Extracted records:
*-*-*

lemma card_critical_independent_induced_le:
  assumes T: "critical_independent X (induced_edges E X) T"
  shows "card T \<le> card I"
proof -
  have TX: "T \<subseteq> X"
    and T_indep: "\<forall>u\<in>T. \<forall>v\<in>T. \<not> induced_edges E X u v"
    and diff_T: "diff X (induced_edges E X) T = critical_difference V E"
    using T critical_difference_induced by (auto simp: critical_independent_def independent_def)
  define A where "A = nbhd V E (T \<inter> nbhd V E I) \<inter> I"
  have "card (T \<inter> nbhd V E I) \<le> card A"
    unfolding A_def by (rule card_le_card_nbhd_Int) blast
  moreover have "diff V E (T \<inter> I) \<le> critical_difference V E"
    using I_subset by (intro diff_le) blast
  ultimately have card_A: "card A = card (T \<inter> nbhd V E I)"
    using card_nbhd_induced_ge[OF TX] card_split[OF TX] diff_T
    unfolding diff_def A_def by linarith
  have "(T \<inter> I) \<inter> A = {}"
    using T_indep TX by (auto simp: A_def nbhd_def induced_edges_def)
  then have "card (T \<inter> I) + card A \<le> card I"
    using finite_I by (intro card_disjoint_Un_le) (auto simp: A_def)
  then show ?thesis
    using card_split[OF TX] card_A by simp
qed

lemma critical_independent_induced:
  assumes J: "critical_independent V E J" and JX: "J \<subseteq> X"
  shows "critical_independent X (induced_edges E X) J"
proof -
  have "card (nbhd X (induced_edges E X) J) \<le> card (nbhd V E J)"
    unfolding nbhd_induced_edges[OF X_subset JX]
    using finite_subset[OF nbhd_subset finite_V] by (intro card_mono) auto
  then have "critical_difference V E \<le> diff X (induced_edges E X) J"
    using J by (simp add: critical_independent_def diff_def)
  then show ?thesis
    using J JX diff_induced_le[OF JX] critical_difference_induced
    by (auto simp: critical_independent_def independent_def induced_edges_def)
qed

*-*-*

### [HOW TO COMPLETE THIS TASK]
Each line shown above needs to be transcribed exactly.

### [RESPONSE AREA]
lemma card_critical_independent_induced_le:
  assumes T: "critical_independent X (induced_edges E X) T"
  shows "card T \<le> card I"
proof -
  have TX: "T \<subseteq> X"
    and T_indep: "\<forall>u\<in>T. \<forall>v\<in>T. \<not> induced_edges E X u v"
    and diff_T: "diff X (induced_edges E X) T = critical_difference V E"
    using T critical_difference_induced by (auto simp: critical_independent_def independent_def)
  define A where "A = nbhd V E (T \<inter> nbhd V E I) \<inter> I"
  have "card (T \<inter> nbhd V E I) \<le> card A"
    unfolding A_def by (rule card_le_card_nbhd_Int) blast
  moreover have "diff V E (T \<inter> I) \<le> critical_difference V E"
    using I_subset by (intro diff_le) blast
  ultimately have card_A: "card A = card (T \<inter> nbhd V E I)"
    using card_nbhd_induced_ge[OF TX] card_split[OF TX] diff_T
    unfolding diff_def A_def by linarith
  have "(T \<inter> I) \<inter> A = {}"
    using T_indep TX by (auto simp: A_def nbhd_def induced_edges_def)
  then have "card (T \<inter> I) + card A \<le> card I"
    using finite_I by (intro card_disjoint_Un_le) (auto simp: A_def)
  then show ?thesis
    using card_split[OF TX] card_A by simp
qed

lemma critical_independent_induced:
  assumes J: "critical_independent V E J" and JX: "J \<subseteq> X"
  shows "critical_independent X (induced_edges E X) J"
proof -
  have "card (nbhd X (induced_edges E X) J) \<le> card (nbhd V E J)"
    unfolding nbhd_induced_edges[OF X_subset JX]
    using finite_subset[OF nbhd_subset finite_V] by (intro card_mono) auto
  then have "critical_difference V E \<le> diff X (induced_edges E X) J"
    using J by (simp add: critical_independent_def diff_def)
  then show ?thesis
    using J JX diff_induced_le[OF JX] critical_difference_induced
    by (auto simp: critical_independent_def independent_def induced_edges_def)
qed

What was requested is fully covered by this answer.